* Work instruction: Check every line of the data below for the word "dots". Copy the ones that have it.

━━━

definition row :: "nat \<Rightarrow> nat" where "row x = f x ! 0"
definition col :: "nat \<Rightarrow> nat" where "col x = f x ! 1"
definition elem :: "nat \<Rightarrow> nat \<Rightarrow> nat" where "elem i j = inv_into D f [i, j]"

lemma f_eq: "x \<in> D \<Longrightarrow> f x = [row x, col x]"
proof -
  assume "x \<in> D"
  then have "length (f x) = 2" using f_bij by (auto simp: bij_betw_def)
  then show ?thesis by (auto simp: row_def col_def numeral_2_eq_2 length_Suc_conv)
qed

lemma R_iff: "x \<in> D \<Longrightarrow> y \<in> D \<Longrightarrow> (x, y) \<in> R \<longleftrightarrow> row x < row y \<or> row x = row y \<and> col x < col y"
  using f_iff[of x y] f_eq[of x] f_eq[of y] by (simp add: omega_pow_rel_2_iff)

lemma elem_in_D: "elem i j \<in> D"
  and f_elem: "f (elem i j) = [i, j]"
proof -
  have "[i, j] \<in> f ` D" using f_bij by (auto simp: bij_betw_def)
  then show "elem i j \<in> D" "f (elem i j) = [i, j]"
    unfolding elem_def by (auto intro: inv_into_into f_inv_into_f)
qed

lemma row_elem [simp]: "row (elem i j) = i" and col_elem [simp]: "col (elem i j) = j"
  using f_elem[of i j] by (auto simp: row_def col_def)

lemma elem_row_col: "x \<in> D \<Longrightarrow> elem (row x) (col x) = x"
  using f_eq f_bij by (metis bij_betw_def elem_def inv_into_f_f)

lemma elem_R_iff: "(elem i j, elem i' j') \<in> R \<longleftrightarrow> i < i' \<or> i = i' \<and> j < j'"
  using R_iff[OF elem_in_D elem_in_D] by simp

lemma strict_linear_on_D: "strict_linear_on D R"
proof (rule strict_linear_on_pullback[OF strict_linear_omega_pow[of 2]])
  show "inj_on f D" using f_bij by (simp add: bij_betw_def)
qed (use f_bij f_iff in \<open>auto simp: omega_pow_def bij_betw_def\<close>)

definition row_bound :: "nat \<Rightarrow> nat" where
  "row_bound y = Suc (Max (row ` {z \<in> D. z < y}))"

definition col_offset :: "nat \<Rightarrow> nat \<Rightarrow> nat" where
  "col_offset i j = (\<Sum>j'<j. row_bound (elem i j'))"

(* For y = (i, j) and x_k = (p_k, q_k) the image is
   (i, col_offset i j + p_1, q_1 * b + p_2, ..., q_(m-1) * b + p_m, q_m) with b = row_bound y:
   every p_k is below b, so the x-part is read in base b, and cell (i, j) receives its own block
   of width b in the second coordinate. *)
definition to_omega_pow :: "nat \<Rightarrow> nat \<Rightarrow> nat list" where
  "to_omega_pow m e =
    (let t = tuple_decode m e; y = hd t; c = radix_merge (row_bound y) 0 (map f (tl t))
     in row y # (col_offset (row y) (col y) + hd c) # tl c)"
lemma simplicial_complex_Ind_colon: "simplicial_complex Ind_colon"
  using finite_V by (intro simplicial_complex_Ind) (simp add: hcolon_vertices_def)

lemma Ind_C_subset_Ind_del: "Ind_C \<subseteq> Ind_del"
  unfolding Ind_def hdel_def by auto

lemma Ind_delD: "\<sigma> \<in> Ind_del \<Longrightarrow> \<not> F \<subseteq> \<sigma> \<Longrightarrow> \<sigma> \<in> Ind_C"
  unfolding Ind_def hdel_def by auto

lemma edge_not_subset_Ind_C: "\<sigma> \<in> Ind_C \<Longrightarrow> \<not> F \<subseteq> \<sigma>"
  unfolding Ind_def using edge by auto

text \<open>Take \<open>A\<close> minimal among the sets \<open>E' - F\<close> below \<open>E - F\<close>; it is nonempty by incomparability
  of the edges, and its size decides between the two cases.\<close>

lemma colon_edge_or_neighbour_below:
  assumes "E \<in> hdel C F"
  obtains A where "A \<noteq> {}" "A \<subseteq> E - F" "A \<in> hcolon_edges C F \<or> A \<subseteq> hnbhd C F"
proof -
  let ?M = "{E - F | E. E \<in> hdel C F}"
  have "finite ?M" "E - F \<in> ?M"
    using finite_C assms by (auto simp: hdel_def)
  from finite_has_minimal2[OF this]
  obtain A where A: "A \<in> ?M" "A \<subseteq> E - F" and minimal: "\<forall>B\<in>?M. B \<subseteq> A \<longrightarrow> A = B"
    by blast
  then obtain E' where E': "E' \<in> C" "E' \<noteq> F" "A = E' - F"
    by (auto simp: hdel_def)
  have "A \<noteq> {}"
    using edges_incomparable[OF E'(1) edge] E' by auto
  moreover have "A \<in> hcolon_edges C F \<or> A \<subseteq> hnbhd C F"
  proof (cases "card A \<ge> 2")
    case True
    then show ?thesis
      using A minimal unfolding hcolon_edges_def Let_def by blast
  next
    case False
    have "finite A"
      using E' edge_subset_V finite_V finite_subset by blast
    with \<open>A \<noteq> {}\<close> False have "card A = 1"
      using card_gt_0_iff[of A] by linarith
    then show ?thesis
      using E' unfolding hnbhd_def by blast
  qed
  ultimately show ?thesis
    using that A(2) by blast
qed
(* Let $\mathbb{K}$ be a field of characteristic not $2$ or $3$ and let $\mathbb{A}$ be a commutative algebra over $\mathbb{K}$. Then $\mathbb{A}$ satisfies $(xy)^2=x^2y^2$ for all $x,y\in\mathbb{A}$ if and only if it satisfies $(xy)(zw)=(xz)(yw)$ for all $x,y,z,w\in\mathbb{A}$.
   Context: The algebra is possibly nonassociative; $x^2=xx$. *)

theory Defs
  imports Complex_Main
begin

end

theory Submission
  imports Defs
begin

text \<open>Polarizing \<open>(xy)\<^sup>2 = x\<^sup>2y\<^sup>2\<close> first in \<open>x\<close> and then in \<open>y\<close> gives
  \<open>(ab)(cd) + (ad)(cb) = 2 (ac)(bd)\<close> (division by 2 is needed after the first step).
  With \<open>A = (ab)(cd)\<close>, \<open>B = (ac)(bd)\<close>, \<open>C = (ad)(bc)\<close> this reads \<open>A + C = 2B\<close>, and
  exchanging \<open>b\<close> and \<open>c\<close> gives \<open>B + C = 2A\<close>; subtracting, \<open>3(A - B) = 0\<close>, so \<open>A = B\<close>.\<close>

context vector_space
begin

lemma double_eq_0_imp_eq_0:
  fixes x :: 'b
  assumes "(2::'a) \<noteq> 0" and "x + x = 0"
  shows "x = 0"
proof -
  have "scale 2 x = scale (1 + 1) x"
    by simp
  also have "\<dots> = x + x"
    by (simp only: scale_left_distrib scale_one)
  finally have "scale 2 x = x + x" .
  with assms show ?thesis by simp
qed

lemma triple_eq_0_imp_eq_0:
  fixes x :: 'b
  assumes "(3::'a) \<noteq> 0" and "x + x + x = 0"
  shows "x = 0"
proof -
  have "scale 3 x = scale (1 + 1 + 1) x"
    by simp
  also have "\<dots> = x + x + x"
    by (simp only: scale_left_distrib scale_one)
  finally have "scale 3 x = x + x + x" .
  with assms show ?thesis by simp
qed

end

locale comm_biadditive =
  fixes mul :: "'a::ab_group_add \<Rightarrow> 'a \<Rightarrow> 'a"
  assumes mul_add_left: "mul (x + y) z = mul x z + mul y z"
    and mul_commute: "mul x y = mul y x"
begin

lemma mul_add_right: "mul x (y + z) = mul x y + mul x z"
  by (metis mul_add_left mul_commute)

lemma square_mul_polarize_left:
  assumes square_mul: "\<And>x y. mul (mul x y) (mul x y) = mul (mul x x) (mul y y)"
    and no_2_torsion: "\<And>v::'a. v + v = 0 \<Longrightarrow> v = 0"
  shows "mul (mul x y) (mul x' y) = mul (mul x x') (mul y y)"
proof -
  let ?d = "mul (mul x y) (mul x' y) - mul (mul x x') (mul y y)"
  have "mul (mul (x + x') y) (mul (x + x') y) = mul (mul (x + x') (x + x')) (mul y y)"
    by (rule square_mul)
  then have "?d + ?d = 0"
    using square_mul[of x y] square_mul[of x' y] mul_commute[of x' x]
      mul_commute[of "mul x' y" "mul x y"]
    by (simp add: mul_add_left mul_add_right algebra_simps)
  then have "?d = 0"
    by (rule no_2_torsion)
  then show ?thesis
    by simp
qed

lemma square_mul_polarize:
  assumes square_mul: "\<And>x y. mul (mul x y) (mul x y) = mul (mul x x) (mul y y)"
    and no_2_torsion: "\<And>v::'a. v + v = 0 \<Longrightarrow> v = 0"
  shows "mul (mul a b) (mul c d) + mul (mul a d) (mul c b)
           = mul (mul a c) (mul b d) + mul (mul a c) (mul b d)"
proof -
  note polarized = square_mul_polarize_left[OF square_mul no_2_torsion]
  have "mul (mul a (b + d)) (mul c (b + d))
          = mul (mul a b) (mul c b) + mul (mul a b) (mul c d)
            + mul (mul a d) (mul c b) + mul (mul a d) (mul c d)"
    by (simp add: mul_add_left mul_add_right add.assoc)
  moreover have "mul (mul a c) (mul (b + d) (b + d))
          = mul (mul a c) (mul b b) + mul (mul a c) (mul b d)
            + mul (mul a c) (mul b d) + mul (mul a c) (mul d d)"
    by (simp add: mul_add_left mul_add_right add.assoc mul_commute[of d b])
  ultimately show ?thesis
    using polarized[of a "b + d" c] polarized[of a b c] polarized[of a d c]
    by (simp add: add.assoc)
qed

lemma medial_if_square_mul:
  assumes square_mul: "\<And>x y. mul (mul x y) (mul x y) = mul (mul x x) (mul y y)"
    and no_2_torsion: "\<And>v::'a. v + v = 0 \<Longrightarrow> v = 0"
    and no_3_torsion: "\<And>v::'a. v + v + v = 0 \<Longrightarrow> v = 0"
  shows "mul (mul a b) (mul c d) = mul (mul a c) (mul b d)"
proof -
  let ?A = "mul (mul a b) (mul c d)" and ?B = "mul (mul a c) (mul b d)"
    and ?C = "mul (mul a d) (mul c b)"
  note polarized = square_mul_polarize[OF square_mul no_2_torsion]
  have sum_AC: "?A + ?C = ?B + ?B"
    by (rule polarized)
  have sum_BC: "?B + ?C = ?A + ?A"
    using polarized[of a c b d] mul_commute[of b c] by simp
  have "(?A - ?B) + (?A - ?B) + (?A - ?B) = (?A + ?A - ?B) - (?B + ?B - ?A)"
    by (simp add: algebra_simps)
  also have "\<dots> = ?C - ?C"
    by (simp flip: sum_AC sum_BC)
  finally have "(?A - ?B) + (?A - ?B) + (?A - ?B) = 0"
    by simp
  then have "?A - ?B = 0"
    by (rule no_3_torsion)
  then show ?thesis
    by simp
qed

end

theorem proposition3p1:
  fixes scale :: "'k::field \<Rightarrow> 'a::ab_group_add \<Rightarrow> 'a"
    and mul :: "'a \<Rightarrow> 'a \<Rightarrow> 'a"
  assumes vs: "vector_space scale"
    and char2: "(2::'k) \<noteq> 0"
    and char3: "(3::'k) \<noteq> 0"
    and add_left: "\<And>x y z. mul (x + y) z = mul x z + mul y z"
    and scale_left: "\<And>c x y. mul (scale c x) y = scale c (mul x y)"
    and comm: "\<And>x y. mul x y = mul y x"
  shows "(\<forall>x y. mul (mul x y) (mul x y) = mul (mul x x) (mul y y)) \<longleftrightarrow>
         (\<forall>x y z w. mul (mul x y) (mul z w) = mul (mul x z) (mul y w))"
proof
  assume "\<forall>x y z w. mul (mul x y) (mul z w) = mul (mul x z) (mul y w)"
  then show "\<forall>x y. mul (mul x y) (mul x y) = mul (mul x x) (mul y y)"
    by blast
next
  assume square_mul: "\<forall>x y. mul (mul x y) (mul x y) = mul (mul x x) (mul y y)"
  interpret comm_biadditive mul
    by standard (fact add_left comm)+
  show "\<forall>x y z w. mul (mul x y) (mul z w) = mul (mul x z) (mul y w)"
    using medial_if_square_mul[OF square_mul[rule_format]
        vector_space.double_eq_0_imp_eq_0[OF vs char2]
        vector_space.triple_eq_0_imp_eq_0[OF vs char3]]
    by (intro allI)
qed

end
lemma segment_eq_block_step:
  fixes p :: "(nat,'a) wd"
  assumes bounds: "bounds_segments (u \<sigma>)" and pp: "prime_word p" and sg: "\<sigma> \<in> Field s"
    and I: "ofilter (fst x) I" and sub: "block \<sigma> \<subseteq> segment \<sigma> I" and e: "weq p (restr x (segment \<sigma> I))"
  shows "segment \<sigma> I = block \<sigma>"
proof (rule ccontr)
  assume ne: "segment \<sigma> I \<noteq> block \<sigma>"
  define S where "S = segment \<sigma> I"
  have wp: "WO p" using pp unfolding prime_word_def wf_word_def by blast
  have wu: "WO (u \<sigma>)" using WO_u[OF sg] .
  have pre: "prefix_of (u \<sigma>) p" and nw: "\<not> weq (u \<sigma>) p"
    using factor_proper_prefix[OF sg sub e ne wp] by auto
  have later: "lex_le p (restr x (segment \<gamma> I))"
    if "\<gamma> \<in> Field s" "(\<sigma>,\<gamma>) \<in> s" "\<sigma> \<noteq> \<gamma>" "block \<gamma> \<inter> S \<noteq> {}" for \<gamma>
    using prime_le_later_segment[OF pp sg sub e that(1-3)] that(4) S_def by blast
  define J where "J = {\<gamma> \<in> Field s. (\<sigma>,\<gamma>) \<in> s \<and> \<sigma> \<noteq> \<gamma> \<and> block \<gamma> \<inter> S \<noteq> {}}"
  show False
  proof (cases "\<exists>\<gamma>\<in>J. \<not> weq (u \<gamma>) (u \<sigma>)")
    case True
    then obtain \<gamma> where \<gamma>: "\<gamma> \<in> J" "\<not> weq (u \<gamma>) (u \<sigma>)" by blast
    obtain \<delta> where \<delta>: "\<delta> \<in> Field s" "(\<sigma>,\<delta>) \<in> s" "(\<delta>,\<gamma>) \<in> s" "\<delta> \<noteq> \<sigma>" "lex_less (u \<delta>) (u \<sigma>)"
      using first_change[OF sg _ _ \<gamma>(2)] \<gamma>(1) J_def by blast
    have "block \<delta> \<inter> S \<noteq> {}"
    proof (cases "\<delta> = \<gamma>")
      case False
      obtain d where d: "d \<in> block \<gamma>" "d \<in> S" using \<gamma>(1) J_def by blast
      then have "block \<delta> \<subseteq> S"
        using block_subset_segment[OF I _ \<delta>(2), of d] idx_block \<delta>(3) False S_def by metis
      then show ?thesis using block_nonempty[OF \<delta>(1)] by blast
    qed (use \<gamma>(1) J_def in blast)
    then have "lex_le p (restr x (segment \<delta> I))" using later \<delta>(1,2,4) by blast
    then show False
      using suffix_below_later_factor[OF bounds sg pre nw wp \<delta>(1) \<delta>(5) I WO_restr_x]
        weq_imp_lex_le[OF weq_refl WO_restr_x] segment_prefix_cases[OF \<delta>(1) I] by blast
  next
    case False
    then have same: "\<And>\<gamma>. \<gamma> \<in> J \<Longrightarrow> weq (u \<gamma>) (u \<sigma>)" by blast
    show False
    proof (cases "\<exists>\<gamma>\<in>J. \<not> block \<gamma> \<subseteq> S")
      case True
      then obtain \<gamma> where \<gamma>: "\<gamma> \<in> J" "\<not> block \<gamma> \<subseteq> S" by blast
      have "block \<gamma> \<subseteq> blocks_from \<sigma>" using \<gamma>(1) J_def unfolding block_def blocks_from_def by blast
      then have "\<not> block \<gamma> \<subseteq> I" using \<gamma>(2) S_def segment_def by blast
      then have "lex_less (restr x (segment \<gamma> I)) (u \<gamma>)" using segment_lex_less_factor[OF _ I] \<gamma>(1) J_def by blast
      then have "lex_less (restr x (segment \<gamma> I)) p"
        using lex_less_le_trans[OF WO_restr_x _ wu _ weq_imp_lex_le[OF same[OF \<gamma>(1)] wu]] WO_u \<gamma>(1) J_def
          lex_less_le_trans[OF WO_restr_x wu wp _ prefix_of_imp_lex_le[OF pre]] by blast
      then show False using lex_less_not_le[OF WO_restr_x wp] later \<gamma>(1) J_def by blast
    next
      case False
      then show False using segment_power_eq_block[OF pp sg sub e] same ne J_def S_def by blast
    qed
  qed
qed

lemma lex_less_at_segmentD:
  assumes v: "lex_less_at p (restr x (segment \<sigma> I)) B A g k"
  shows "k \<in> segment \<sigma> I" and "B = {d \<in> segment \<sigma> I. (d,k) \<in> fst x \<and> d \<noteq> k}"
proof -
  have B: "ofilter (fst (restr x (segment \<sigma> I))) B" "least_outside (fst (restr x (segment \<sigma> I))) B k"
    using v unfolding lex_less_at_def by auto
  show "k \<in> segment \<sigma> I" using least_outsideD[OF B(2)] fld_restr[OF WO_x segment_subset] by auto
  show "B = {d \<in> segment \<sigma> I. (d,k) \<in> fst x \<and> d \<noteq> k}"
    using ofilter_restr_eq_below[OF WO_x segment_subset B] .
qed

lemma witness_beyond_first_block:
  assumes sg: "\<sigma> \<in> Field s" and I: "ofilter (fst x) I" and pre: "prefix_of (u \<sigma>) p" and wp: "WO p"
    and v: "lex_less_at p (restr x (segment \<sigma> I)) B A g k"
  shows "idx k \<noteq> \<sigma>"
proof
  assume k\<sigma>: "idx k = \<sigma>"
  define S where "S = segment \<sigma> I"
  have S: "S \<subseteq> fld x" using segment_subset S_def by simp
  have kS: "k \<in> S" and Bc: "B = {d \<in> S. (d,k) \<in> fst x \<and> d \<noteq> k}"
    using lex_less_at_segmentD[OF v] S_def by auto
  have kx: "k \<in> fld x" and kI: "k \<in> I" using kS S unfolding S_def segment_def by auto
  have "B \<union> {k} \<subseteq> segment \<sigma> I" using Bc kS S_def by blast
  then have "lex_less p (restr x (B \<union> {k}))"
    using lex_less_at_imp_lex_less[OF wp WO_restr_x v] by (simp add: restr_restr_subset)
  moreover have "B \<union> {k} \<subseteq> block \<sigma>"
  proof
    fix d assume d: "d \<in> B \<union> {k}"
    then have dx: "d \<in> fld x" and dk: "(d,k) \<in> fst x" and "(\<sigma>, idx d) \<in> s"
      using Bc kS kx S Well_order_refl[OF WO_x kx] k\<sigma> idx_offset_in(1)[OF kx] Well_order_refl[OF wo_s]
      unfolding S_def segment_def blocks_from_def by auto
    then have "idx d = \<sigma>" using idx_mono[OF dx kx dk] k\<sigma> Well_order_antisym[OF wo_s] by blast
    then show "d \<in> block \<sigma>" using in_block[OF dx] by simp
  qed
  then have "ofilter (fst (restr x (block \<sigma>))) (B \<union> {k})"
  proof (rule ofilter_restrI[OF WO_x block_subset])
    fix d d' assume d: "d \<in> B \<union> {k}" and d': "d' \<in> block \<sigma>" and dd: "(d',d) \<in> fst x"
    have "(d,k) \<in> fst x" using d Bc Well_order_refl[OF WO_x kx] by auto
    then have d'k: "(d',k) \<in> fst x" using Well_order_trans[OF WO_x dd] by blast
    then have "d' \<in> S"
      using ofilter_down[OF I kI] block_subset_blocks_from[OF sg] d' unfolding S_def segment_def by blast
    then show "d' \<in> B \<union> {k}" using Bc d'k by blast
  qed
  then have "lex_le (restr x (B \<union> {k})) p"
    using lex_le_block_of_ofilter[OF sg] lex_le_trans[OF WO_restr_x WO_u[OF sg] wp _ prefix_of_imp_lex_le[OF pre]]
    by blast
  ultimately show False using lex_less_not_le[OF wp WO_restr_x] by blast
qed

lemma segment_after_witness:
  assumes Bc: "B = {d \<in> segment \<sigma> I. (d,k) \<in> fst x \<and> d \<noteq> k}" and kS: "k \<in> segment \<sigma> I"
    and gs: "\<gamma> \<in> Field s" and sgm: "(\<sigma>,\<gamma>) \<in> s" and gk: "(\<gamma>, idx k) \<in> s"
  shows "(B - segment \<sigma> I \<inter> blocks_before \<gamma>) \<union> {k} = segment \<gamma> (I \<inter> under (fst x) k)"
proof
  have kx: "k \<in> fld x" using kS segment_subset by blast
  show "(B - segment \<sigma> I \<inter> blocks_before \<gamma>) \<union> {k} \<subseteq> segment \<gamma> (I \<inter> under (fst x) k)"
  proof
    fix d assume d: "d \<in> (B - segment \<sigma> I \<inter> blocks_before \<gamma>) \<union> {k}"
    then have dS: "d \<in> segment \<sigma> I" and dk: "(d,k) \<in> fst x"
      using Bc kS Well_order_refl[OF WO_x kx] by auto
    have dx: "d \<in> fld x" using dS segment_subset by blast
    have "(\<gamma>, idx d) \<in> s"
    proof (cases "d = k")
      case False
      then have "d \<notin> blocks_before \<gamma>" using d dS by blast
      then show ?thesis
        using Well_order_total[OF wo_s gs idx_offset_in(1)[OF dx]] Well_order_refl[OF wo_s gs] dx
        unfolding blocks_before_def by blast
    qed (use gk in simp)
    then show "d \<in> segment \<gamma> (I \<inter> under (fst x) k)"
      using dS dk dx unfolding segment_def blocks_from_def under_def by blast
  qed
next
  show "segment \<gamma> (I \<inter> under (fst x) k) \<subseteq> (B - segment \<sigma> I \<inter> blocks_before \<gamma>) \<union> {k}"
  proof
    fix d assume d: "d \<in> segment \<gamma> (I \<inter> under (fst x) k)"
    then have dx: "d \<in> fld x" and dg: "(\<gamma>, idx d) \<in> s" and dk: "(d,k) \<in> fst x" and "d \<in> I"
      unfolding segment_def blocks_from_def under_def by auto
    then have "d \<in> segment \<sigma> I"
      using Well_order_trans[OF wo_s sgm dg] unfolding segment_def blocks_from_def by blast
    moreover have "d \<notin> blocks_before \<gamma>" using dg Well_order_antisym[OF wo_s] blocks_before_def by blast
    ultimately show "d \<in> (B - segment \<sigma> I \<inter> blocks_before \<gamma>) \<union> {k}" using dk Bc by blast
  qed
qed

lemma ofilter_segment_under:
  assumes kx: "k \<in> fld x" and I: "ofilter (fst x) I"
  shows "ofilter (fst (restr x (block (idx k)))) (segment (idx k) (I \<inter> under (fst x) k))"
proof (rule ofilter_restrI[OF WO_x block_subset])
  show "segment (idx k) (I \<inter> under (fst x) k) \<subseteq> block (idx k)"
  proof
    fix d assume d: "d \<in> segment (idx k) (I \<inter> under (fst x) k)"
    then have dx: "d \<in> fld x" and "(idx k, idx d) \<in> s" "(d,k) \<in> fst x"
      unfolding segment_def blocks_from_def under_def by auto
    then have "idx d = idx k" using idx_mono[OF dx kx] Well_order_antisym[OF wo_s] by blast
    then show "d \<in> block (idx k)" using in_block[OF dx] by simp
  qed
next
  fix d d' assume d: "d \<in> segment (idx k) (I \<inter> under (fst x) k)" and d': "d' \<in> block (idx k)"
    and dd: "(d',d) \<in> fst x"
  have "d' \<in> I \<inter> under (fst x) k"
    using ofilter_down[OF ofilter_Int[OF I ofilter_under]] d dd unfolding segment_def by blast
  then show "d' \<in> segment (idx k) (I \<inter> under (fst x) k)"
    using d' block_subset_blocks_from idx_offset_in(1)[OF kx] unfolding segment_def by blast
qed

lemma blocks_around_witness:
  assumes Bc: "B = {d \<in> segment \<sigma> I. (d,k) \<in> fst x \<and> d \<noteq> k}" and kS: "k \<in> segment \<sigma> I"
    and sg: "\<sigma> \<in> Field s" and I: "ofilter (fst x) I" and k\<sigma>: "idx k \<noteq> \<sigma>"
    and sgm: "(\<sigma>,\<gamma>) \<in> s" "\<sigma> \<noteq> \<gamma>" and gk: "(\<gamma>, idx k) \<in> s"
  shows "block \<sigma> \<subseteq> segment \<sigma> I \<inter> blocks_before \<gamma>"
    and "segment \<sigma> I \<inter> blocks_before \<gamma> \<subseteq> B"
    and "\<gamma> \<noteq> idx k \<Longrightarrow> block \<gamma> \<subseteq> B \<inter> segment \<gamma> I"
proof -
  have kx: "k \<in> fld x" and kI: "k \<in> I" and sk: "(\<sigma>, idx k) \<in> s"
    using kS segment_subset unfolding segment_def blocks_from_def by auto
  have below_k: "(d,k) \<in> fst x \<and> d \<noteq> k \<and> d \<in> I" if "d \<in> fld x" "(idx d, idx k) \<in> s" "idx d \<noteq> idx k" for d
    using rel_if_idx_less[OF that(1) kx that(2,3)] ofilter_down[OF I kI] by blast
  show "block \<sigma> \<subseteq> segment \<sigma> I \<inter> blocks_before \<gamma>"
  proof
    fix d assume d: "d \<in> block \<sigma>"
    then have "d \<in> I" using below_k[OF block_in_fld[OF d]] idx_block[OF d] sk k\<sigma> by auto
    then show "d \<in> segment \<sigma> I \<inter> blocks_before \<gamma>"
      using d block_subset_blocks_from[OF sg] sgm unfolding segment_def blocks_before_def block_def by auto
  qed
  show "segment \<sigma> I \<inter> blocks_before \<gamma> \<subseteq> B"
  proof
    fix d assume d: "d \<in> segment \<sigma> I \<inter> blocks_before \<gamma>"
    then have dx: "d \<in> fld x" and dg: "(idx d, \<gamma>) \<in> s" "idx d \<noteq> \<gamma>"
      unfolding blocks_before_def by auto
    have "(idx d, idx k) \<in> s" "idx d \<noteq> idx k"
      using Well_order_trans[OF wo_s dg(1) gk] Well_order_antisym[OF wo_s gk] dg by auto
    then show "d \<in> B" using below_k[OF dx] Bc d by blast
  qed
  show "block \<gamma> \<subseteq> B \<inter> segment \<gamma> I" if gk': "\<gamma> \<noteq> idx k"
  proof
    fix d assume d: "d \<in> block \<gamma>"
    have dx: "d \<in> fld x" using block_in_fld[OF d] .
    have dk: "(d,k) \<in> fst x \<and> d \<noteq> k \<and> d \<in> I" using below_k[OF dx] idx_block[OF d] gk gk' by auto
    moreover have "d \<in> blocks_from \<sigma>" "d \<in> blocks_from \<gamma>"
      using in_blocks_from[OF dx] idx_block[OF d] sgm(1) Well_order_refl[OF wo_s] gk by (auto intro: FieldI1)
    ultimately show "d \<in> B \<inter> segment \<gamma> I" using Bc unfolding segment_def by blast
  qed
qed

━━━

* Task response:
  also have "\<dots> = x + x"
  also have "\<dots> = x + x + x"
  also have "\<dots> = ?C - ?C"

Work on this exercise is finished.